Copy each line of the listing below where the word "intro" turns up.

* _RECORDS SUPPLIED_
<<<<
(* Let $(\sigma_N)_{N \geq 1}$ be a sequence such that $\sigma_N$ is a permutation of $\{1,\dots,N\}$ for every $N \geq 1$, and such that for every $N \geq 1$, $\sigma_N$ is obtained by removing the element $N+1$ from the cycle structure of $\sigma_{N+1}$. For every finite subset $I \subset \mathbb{N}^* = \{1,2,\dots\}$ and every integer $N \geq \max I$, let $\sigma^{(N)}_I$ be the permutation of $I$ obtained by removing the elements of $\{1,\dots,N\} \setminus I$ from the cycle structure of $\sigma_N$. Then $\sigma^{(N)}_I$ does not depend on the choice of $N \geq \max I$; writing $\sigma_I := \sigma^{(N)}_I$, for all finite subsets $I \subset J$ of $\mathbb{N}^*$, the permutation $\sigma_I$ is obtained from the cycle structure of $\sigma_J$ by removing the elements of $J \setminus I$.
   Context: For finite sets $I \subset J$ and a permutation $\tau$ of $J$, "removing the elements of $J \setminus I$ from the cycle structure of $\tau$" means forming the permutation $\pi$ of $I$ given by $\pi(x) = \tau^m(x)$, where $m \geq 1$ is the smallest integer such that $\tau^m(x) \in I$. *)

theory Defs
  imports "HOL-Combinatorics.Permutations"
begin

text \<open>Removing the elements of J - I from the cycle structure of a permutation tau of J:
  pi(x) = tau^m(x) with m >= 1 least such that tau^m(x) is in I (identity outside I,
  following the convention of the permutes predicate).\<close>
definition remove_from_cycles :: "(nat \<Rightarrow> nat) \<Rightarrow> nat set \<Rightarrow> nat \<Rightarrow> nat" where
  "remove_from_cycles \<tau> I x =
     (if x \<in> I then (\<tau> ^^ (LEAST m. m \<ge> 1 \<and> (\<tau> ^^ m) x \<in> I)) x else x)"

end

theory Submission
  imports Defs
begin

text \<open>Removal is transitive: for \<open>I \<subseteq> J\<close> and \<open>x \<in> I\<close>, the \<open>\<tau>\<close>-path from \<open>x\<close> to its
  first return to \<open>I\<close> meets \<open>J\<close> finitely often, and the permutation obtained by removing the
  complement of \<open>J\<close> steps exactly along these visits, so both reach \<open>I\<close> at the same point.
  Iterating the compatibility of consecutive \<open>\<sigma> N\<close> with this shows that \<open>\<sigma> N\<close> is obtained
  from \<open>\<sigma> N'\<close> (\<open>N \<le> N'\<close>) by removing \<open>{N+1..N'}\<close>; transitivity then gives both claims.\<close>

definition first_hit :: "('a \<Rightarrow> 'a) \<Rightarrow> 'a set \<Rightarrow> 'a \<Rightarrow> nat \<Rightarrow> bool" where
  "first_hit f A x m \<longleftrightarrow> m \<ge> 1 \<and> (f ^^ m) x \<in> A \<and> (\<forall>j. 1 \<le> j \<and> j < m \<longrightarrow> (f ^^ j) x \<notin> A)"

definition hitting_time :: "('a \<Rightarrow> 'a) \<Rightarrow> 'a set \<Rightarrow> 'a \<Rightarrow> nat" where
  "hitting_time f A x = (LEAST m. m \<ge> 1 \<and> (f ^^ m) x \<in> A)"

lemma remove_from_cycles_hitting_time:
  "x \<in> I \<Longrightarrow> remove_from_cycles \<tau> I x = (\<tau> ^^ hitting_time \<tau> I x) x"
  by (simp add: remove_from_cycles_def hitting_time_def)

lemma first_hit_hitting_time:
  assumes "n \<ge> 1" "(f ^^ n) x \<in> A"
  shows "first_hit f A x (hitting_time f A x)" and "hitting_time f A x \<le> n"
proof -
  have "hitting_time f A x \<ge> 1 \<and> (f ^^ hitting_time f A x) x \<in> A"
    unfolding hitting_time_def by (rule LeastI[of _ n]) (use assms in simp)
  then show "first_hit f A x (hitting_time f A x)"
    unfolding first_hit_def hitting_time_def using not_less_Least by blast
  show "hitting_time f A x \<le> n"
    unfolding hitting_time_def by (rule Least_le) (use assms in simp)
qed

lemma hitting_time_eq:
  assumes "first_hit f A x m"
  shows "hitting_time f A x = m"
proof -
  have "m \<ge> 1" "(f ^^ m) x \<in> A"
    using assms unfolding first_hit_def by auto
  then have "first_hit f A x (hitting_time f A x)"
    by (rule first_hit_hitting_time)
  with assms show ?thesis
    unfolding first_hit_def by (meson linorder_neqE_nat)
qed

lemma remove_from_cycles_first_hit:
  "x \<in> I \<Longrightarrow> first_hit \<tau> I x m \<Longrightarrow> remove_from_cycles \<tau> I x = (\<tau> ^^ m) x"
  by (simp add: remove_from_cycles_hitting_time hitting_time_eq)

lemma first_hit_remove_from_cycles:
  assumes "I \<subseteq> J" "x \<in> J" "first_hit \<tau> I x m"
  shows "\<exists>k. first_hit (remove_from_cycles \<tau> J) I x k
           \<and> (remove_from_cycles \<tau> J ^^ k) x = (\<tau> ^^ m) x"
  using assms(2,3)
proof (induction m arbitrary: x rule: less_induct)
  case (less m x)
  let ?\<pi> = "remove_from_cycles \<tau> J"
  define m' where "m' = hitting_time \<tau> J x"
  have m: "m \<ge> 1" "(\<tau> ^^ m) x \<in> I" "\<And>j. 1 \<le> j \<Longrightarrow> j < m \<Longrightarrow> (\<tau> ^^ j) x \<notin> I"
    using less.prems(2) unfolding first_hit_def by auto
  then have m': "first_hit \<tau> J x m'" "m' \<le> m"
    unfolding m'_def using assms(1) by (auto intro: first_hit_hitting_time)
  have \<pi>x: "?\<pi> x = (\<tau> ^^ m') x"
    using remove_from_cycles_first_hit[OF less.prems(1) m'(1)] .
  show ?case
  proof (cases "m' = m")
    case True
    then show ?thesis
      using m(1) \<pi>x less.prems(2) unfolding first_hit_def by (intro exI[of _ 1]) auto
  next
    case False
    define y where "y = (\<tau> ^^ m') x"
    have shift: "(\<tau> ^^ j) y = (\<tau> ^^ (j + m')) x" for j
      by (simp add: y_def funpow_add)
    have "m' < m" "m' \<ge> 1" "y \<in> J"
      using False m' unfolding first_hit_def y_def by auto
    have "y \<notin> I"
      using m(3)[of m'] \<open>m' < m\<close> \<open>m' \<ge> 1\<close> by (simp add: y_def)
    have "first_hit \<tau> I y (m - m')"
      unfolding first_hit_def shift
      using m \<open>m' < m\<close> by (simp add: less_diff_conv)
    then obtain k where k: "first_hit ?\<pi> I y k" "(?\<pi> ^^ k) y = (\<tau> ^^ (m - m')) y"
      using less.IH[of "m - m'" y] \<open>m' \<ge> 1\<close> \<open>m' < m\<close> \<open>y \<in> J\<close> by auto
    have \<pi>_Suc: "(?\<pi> ^^ Suc i) x = (?\<pi> ^^ i) y" for i
      by (simp only: funpow_Suc_right comp_apply \<pi>x y_def)
    have "(?\<pi> ^^ j) x \<notin> I" if "1 \<le> j" "j < Suc k" for j
    proof -
      have "j = Suc (j - 1)" using that(1) by simp
      then have "(?\<pi> ^^ j) x = (?\<pi> ^^ (j - 1)) y"
        by (metis \<pi>_Suc)
      moreover have "(?\<pi> ^^ (j - 1)) y \<notin> I"
        using k(1) \<open>y \<notin> I\<close> that unfolding first_hit_def
        by (cases "j = 1") (auto dest: spec[of _ "j - 1"])
      ultimately show ?thesis by simp
    qed
    then have "first_hit ?\<pi> I x (Suc k)"
      using k(1) unfolding first_hit_def \<pi>_Suc by auto
    moreover have "(?\<pi> ^^ Suc k) x = (\<tau> ^^ m) x"
      unfolding \<pi>_Suc using k(2) \<open>m' < m\<close> by (simp add: shift)
    ultimately show ?thesis by blast
  qed
qed

lemma remove_from_cycles_remove_from_cycles:
  assumes "permutation \<tau>" "I \<subseteq> J"
  shows "remove_from_cycles (remove_from_cycles \<tau> J) I = remove_from_cycles \<tau> I"
proof
  fix x
  show "remove_from_cycles (remove_from_cycles \<tau> J) I x = remove_from_cycles \<tau> I x"
  proof (cases "x \<in> I")
    case True
    then have "x \<in> J"
      using assms(2) by blast
    obtain n where "n > 0" "(\<tau> ^^ n) x = x"
      using permutation_self[OF assms(1)] by metis
    then have hit: "first_hit \<tau> I x (hitting_time \<tau> I x)"
      using True by (intro first_hit_hitting_time(1)[of n]) simp_all
    obtain k where "first_hit (remove_from_cycles \<tau> J) I x k"
        "(remove_from_cycles \<tau> J ^^ k) x = (\<tau> ^^ hitting_time \<tau> I x) x"
      using first_hit_remove_from_cycles[OF assms(2) \<open>x \<in> J\<close> hit] by blast
    then show ?thesis
      using True by (simp add: remove_from_cycles_first_hit remove_from_cycles_hitting_time)
  qed (simp add: remove_from_cycles_def)
qed

lemma remove_from_cycles_permutes_self:
  assumes "\<tau> permutes S"
  shows "remove_from_cycles \<tau> S = \<tau>"
proof
  fix x
  show "remove_from_cycles \<tau> S x = \<tau> x"
  proof (cases "x \<in> S")
    case True
    then have "first_hit \<tau> S x 1"
      using permutes_in_image[OF assms] unfolding first_hit_def by simp
    then show ?thesis
      using remove_from_cycles_first_hit[OF True] by simp
  qed (use assms in \<open>simp add: remove_from_cycles_def permutes_not_in\<close>)
qed

lemma remove_from_cycles_compatible_sequence:
  assumes perm: "\<And>N. N \<ge> 1 \<Longrightarrow> \<sigma> N permutes {1..N}"
    and compat: "\<And>N. N \<ge> 1 \<Longrightarrow> \<sigma> N = remove_from_cycles (\<sigma> (Suc N)) {1..N}"
    and "1 \<le> N" "N \<le> N'"
  shows "\<sigma> N = remove_from_cycles (\<sigma> N') {1..N}"
  using \<open>N \<le> N'\<close>
proof (induction N' rule: dec_induct)
  case base
  then show ?case
    using remove_from_cycles_permutes_self[OF perm[OF \<open>1 \<le> N\<close>]] by simp
next
  case (step M)
  have "permutation (\<sigma> (Suc M))"
    using perm[of "Suc M"] by (auto simp: permutation_permutes)
  then have "remove_from_cycles (\<sigma> (Suc M)) {1..N}
      = remove_from_cycles (remove_from_cycles (\<sigma> (Suc M)) {1..M}) {1..N}"
    using step.hyps(1) by (simp add: remove_from_cycles_remove_from_cycles)
  also have "\<dots> = remove_from_cycles (\<sigma> M) {1..N}"
    using compat[of M] step.hyps(1) \<open>1 \<le> N\<close> by simp
  finally show ?case
    using step.IH by simp
qed

theorem proposition2p1:
  fixes \<sigma> :: "nat \<Rightarrow> nat \<Rightarrow> nat"
  assumes perm: "\<And>N. N \<ge> 1 \<Longrightarrow> \<sigma> N permutes {1..N}"
    and compat: "\<And>N. N \<ge> 1 \<Longrightarrow> \<sigma> N = remove_from_cycles (\<sigma> (Suc N)) {1..N}"
  shows "(\<forall>I N N'. N \<ge> 1 \<and> N' \<ge> 1 \<and> I \<subseteq> {1..N} \<and> I \<subseteq> {1..N'} \<longrightarrow>
            remove_from_cycles (\<sigma> N) I = remove_from_cycles (\<sigma> N') I)
       \<and> (\<forall>I J N. N \<ge> 1 \<and> I \<subseteq> J \<and> J \<subseteq> {1..N} \<longrightarrow>
            remove_from_cycles (\<sigma> N) I
              = remove_from_cycles (remove_from_cycles (\<sigma> N) J) I)"
proof -
  have permutation: "permutation (\<sigma> N)" if "N \<ge> 1" for N
    using perm[OF that] by (auto simp: permutation_permutes)
  have independent: "remove_from_cycles (\<sigma> N) I = remove_from_cycles (\<sigma> N') I"
    if "1 \<le> N" "N \<le> N'" "I \<subseteq> {1..N}" for I N N'
    using remove_from_cycles_compatible_sequence[OF perm compat that(1,2)]
      remove_from_cycles_remove_from_cycles[OF permutation that(3)] that(1,2) by simp
  show ?thesis
  proof (intro conjI allI impI)
    fix I :: "nat set" and N N' :: nat
    assume "N \<ge> 1 \<and> N' \<ge> 1 \<and> I \<subseteq> {1..N} \<and> I \<subseteq> {1..N'}"
    then show "remove_from_cycles (\<sigma> N) I = remove_from_cycles (\<sigma> N') I"
      using independent[of N N' I] independent[of N' N I] nle_le by metis
  next
    fix I J :: "nat set" and N :: nat
    assume "N \<ge> 1 \<and> I \<subseteq> J \<and> J \<subseteq> {1..N}"
    then show "remove_from_cycles (\<sigma> N) I = remove_from_cycles (remove_from_cycles (\<sigma> N) J) I"
      using remove_from_cycles_remove_from_cycles[OF permutation] by simp
  qed
qed

end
>>>>
* _PROBLEM SOLUTION_
    unfolding m'_def using assms(1) by (auto intro: first_hit_hitting_time)
      using m(1) \<pi>x less.prems(2) unfolding first_hit_def by (intro exI[of _ 1]) auto
      using True by (intro first_hit_hitting_time(1)[of n]) simp_all
  proof (intro conjI allI impI)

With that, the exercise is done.